Canadians battle on 'Rock Star'

-- Toronto Sun

, Last Updated: 8:25 AM ET

JENNY GALT - From Vancouver

Unlike Lukas Rossi, Jenny Galt is modest, humble...Canadian. “I don’t feel like I’m a front runner right now,” she said Sunday night back at the Rock Star mansion.

No wonder she’s so Canadian. Galt was born in Montreal, grew up in Ottawa and lives in Vancouver.

On tonight’s show, her rendition of the Incubus song Drive lacks it. The judges didn’t roast her, but they did tell her to stop playing it safe.

“The comments I got...really put a fire under my ass,” she says. “I’m going to make some changes. It’s not going to be little nice Jenny anymore.”

The kick-ass boots she bought on Melrose should help, along with the silver skulls and tiny hand cuffs around her neck, a gift from her boyfriend back home in Vancouver.

Galt says being cooped up in the rambling Rock Star mansion can drive you nuts at times. Cameras are everywhere (except the bathrooms) and there’s never any privacy. “You feel like you’re living in TVland,” she says.

Executive producer Mark Burnett (currently in the Pearl Islands shooting the next Survivor) is an impressive boss, she says, always making with the song and style suggestions.

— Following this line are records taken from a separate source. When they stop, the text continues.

(* In the setting below, with $Q=L/\mu$ and $K\ge 1$, let $a\ge3$ be an integer, let \[ \overline{\eta}_a=\Big(\frac{1}{144(aK+1)KQ^2}\Big)^{\frac{1}{a-2}}, \] and suppose the step size satisfies $0<\eta\le\frac{1}{3L(K+1)}\overline{\eta}_a$. Then for every integer $k\ge aK+1$, \[ F_k\le\Big(1-\eta\frac{\mu}{18}\Big)^{\frac{k+1}{aK+1}-1}\Big(\max_{0\le j\le aK}F_j\Big). \]
   Context: Let $m,n\ge 1$ be integers and $\|\cdot\|$ the Euclidean norm on $\mathbb{R}^n$. For $i=1,\dots,m$, let $f_i:\mathbb{R}^n\to\mathbb{R}$ be continuously differentiable with $\|\nabla f_i(x)-\nabla f_i(y)\|\le L_i\|x-y\|$ for all $x,y$, where $L_i\ge 0$ (the $f_i$ are not assumed convex). Let $f=\frac1m\sum_{i=1}^m f_i$ and $L=\frac1m\sum_{i=1}^m L_i$. Assume $f$ is $\mu$-strongly convex for some $\mu>0$ (i.e. $x\mapsto f(x)-\frac{\mu}{2}\|x\|^2$ is convex). Let $r:\mathbb{R}^n\to(-\infty,\infty]$ be proper, closed and convex, let $F=f+r$, and let $x^*$ be the unique minimizer of $F$. For $\eta>0$ define $\mathrm{prox}_r^\eta(y)=\arg\min_{x\in\mathbb{R}^n}\{\frac12\|x-y\|^2+\eta r(x)\}$. PIAG method: fix an integer $K$, a step size $\eta>0$ and $x_0\in\mathbb{R}^n$; for each $k\ge0$ and each $i$ let $\tau_{i,k}$ be any (deterministically chosen) integer with $\max(k-K,0)\le\tau_{i,k}\le k$; set $g_k=\frac1m\sum_{i=1}^m\nabla f_i(x_{\tau_{i,k}})$ and $x_{k+1}=\mathrm{prox}_r^\eta(x_k-\eta g_k)$. Define $F_k=F(x_k)-F(x^* )$. *)

theory Defs
  imports "HOL-Analysis.Analysis" "HOL-Library.Extended_Real"
begin

definition epigraph_ext :: "('a \<Rightarrow> ereal) \<Rightarrow> ('a \<times> real) set" where
  "epigraph_ext r = {(x, t). r x \<le> ereal t}"

definition proper_closed_convex :: "('a::euclidean_space \<Rightarrow> ereal) \<Rightarrow> bool" where
  "proper_closed_convex r \<longleftrightarrow>
     (\<forall>x. r x \<noteq> -\<infinity>) \<and> (\<exists>x. r x \<noteq> \<infinity>) \<and>
     closed (epigraph_ext r) \<and> convex (epigraph_ext r)"

definition prox :: "('a::euclidean_space \<Rightarrow> ereal) \<Rightarrow> real \<Rightarrow> 'a \<Rightarrow> 'a" where
  "prox r \<eta> y = (THE x. \<forall>z. ereal ((1/2) * (norm (x - y))\<^sup>2) + ereal \<eta> * r x
                              \<le> ereal ((1/2) * (norm (z - y))\<^sup>2) + ereal \<eta> * r z)"

end

theory Submission
  imports Defs
begin

text \<open>
  With \<open>\<theta> = \<eta>\<mu> / (1 + \<eta>\<mu> + \<eta>L)\<close>, comparing the prox step with the convex combination
  \<open>(1 - \<theta>) x\<^sub>k + \<theta> x\<^sup>*\<close> and using smoothness and strong convexity of \<open>f\<close> gives
  \<open>F\<^sub>k\<^sub>+\<^sub>1 \<le> (1 - \<theta>) F\<^sub>k + \<alpha> T\<^sub>k - \<gamma> \<parallel>x\<^sub>k\<^sub>+\<^sub>1 - x\<^sub>k\<parallel>\<^sup>2\<close>, where the error of the delayed gradient
  is paid for by \<open>T\<^sub>k\<close>, the sum of the last \<open>K\<close> squared step lengths. Adding a weighted sum of
  these step lengths gives a Lyapunov function that contracts by \<open>1 - \<theta>\<close> at every step as soon as
  \<open>\<eta> L (K + 1) \<le> 1/3\<close>; the step-size hypothesis implies this because \<open>\<mu> \<le> L\<close> makes the
  factor \<open>\<eta>\<^sub>a\<close> at most 1. Hence
  \<open>F\<^sub>k \<le> (1 - \<eta>\<mu>/18)\<^sup>k F\<^sub>0\<close>, which is stronger than the claimed bound.
\<close>

lemma power2_norm_add:
  "(norm (a + b))\<^sup>2 = (norm a)\<^sup>2 + 2 * (a \<bullet> b) + (norm (b::'a::real_inner))\<^sup>2"
  by (simp add: power2_norm_eq_inner inner_add_left inner_add_right inner_commute)

lemma power2_norm_convex_combination:
  "(norm ((1 - t) *\<^sub>R a + t *\<^sub>R b))\<^sup>2
     = (1 - t) * (norm a)\<^sup>2 + t * (norm (b::'a::real_inner))\<^sup>2 - t * (1 - t) * (norm (a - b))\<^sup>2"
  by (simp add: power2_norm_eq_inner inner_commute algebra_simps)

lemma inner_le_young:
  fixes e w :: "'a::real_inner"
  assumes "c > 0"
  shows "e \<bullet> w \<le> c / 2 * (norm e)\<^sup>2 + 1 / (2 * c) * (norm w)\<^sup>2"
proof -
  have "(norm (c *\<^sub>R e - w))\<^sup>2 = c\<^sup>2 * (norm e)\<^sup>2 - 2 * c * (e \<bullet> w) + (norm w)\<^sup>2"
    by (simp add: power2_norm_eq_inner inner_diff_left inner_diff_right inner_commute)
      (simp add: power2_eq_square)
  then have "0 \<le> (c\<^sup>2 * (norm e)\<^sup>2 - 2 * c * (e \<bullet> w) + (norm w)\<^sup>2) / (2 * c)"
    using assms by (metis divide_nonneg_pos zero_le_power2 zero_less_mult_iff zero_less_numeral)
  also have "\<dots> = c / 2 * (norm e)\<^sup>2 - e \<bullet> w + 1 / (2 * c) * (norm w)\<^sup>2"
    using assms by (simp add: field_simps power2_eq_square)
  finally show ?thesis by simp
qed

lemma norm_diff_le_sum_steps:
  fixes x :: "nat \<Rightarrow> 'a::real_normed_vector"
  assumes "s \<le> k"
  shows "norm (x k - x (k - s)) \<le> (\<Sum>d<s. norm (x (k - d) - x (k - Suc d)))"
  using assms
proof (induction s)
  case (Suc s)
  have "norm (x k - x (k - Suc s)) \<le> norm (x k - x (k - s)) + norm (x (k - s) - x (k - Suc s))"
    using norm_triangle_ineq[of "x k - x (k - s)" "x (k - s) - x (k - Suc s)"] by simp
  with Suc show ?case by simp
qed simp

lemma lipschitz_gradient_upper_bound:
  fixes \<phi> :: "'a::euclidean_space \<Rightarrow> real"
  assumes der: "\<And>y. (\<phi> has_derivative (\<lambda>h. G y \<bullet> h)) (at y)"
    and lip: "\<And>y z. norm (G y - G z) \<le> Lc * norm (y - z)"
  shows "\<phi> z \<le> \<phi> y + G y \<bullet> (z - y) + Lc / 2 * (norm (z - y))\<^sup>2"
proof -
  define d where "d = z - y"
  define p where "p = (\<lambda>t. \<phi> (y + t *\<^sub>R d) - t * (G y \<bullet> d) - Lc / 2 * t\<^sup>2 * (norm d)\<^sup>2)"
  have "p 1 \<le> p 0"
  proof (rule DERIV_nonpos_imp_nonincreasing[of 0 1])
    fix t :: real assume t: "0 \<le> t" "t \<le> 1"
    have "((\<lambda>t. \<phi> (y + t *\<^sub>R d)) has_derivative (\<lambda>s. G (y + t *\<^sub>R d) \<bullet> (s *\<^sub>R d))) (at t)"
      by (rule has_derivative_compose[OF _ der]) (auto intro!: derivative_eq_intros)
    then have "((\<lambda>t. \<phi> (y + t *\<^sub>R d)) has_derivative (*) (G (y + t *\<^sub>R d) \<bullet> d)) (at t)"
      by (rule has_derivative_eq_rhs) (simp add: fun_eq_iff)
    then have d: "((\<lambda>t. \<phi> (y + t *\<^sub>R d)) has_real_derivative G (y + t *\<^sub>R d) \<bullet> d) (at t)"
      by (simp add: has_field_derivative_def)
    have "(p has_real_derivative
        G (y + t *\<^sub>R d) \<bullet> d - G y \<bullet> d - Lc / 2 * (2 * t) * (norm d)\<^sup>2) (at t)"
      unfolding p_def by (rule derivative_eq_intros d | simp)+
    moreover have "G (y + t *\<^sub>R d) \<bullet> d - G y \<bullet> d \<le> Lc * t * (norm d)\<^sup>2"
    proof -
      have "G (y + t *\<^sub>R d) \<bullet> d - G y \<bullet> d \<le> norm (G (y + t *\<^sub>R d) - G y) * norm d"
        by (metis inner_diff_left norm_cauchy_schwarz)
      also have "\<dots> \<le> Lc * norm (t *\<^sub>R d) * norm d"
        using lip[of "y + t *\<^sub>R d" y] by (simp add: mult_right_mono)
      finally show ?thesis using t by (simp add: power2_eq_square)
    qed
    ultimately show "\<exists>D. (p has_real_derivative D) (at t) \<and> D \<le> 0" by force
  qed simp
  then show ?thesis unfolding p_def d_def by simp
qed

Who are the front runners? Galt picks fellow Canuck Rossi, South African Dilana Robichaux and Aussie Toby Rand.

Most of her fellow competitors are pretty cool, but there’s one dude she just doesn’t trust: Rossi. “He messes with your head,” she said. “I think maybe Lukas, sometimes when he is feeling insecure, will do certain things that maybe he’ll regret later. He’s a player. He’s absolutely here to play the game. I’ve heard him say he’s not here to make friends.”

Her six years touring with the recently disbanded Cherrybomb brought her to the attention of the show’s producers. She hopes she doesn’t wind up in the bottom three in tomorrow night’s elimination episode but if she does, she plans to let it rip. “I totally need to do something that is way more intense,” she says. Rock Star is not all about the voice, as she is learning. “If Celine Dion put on rock clothes, nobody would buy it,” she says. “I have to keep that in mind.”

LUKAS ROSSI - From Toronto

Luke Rossi isn’t going to let anyone stand in the way of his becoming the lead singer of Supernova — and that includes Jenny Galt.

“There’s only room for one Canadian in this household,” he says.

It’s not personal, it’s just business, baby, says Rossi, 29, who talks like he’s been a rock star his entire life.

“I came here with absolution,” he said Sunday night back at the Rock Star mansion. “I’m going to leave here with absolution. In the meantime, I’ve learned that these people aren’t here because they’ve lost their job. They have a dream, too. I have to respect that.”

Rossi’s no music rookie, having written songs since he was 15. He paid his dues touring with Tea Party, Papa Roach, Edwin, and I Mother Earth and at one time was repped by Canadian Idol judge Zack Werner.

“He’s a great guy, man,” says Rossi. “He supported me when I was a little s--- on the street. Kudos to Zack, man, tell him to cut his hair.”

As for his own hair, Rossi says he’s been sporting the black and white skunk ‘do for about four months. Did he dye it for the show? “I don’t do anything for anything,” he says. “Nobody does my makeup, nobody does my hair. The purple suit and the Pepe LePew is just me, baby.”

He bristled at the suggestion that he’d stolen a page from J.D. Fortune’s aggressive playbook. “Incorrect,” he said. “I’m Lukas, not J.D. I’m comfortable in my own skin.”

Rossi’s rock star stance has rubbed many of his fellow contestants the wrong way. Several said they didn’t trust him. Too bad for them, he says. He’s not trying to make friends, he’s just trying to nail down a pretty cool job.

He’s been burned by friendships in the past and says he’s been striving his whole life to do things others told him he couldn’t do. “Music has been my best friend my whole life,” he says, “because music doesn’t betray you.”

Rossi went to Chaminade High School in north west Toronto. Told I was a Michael Power grad, he gave me a big hug. “A little bit of home — I’m going to twist your nipple,” he said. Guess it was a Chaminade thing.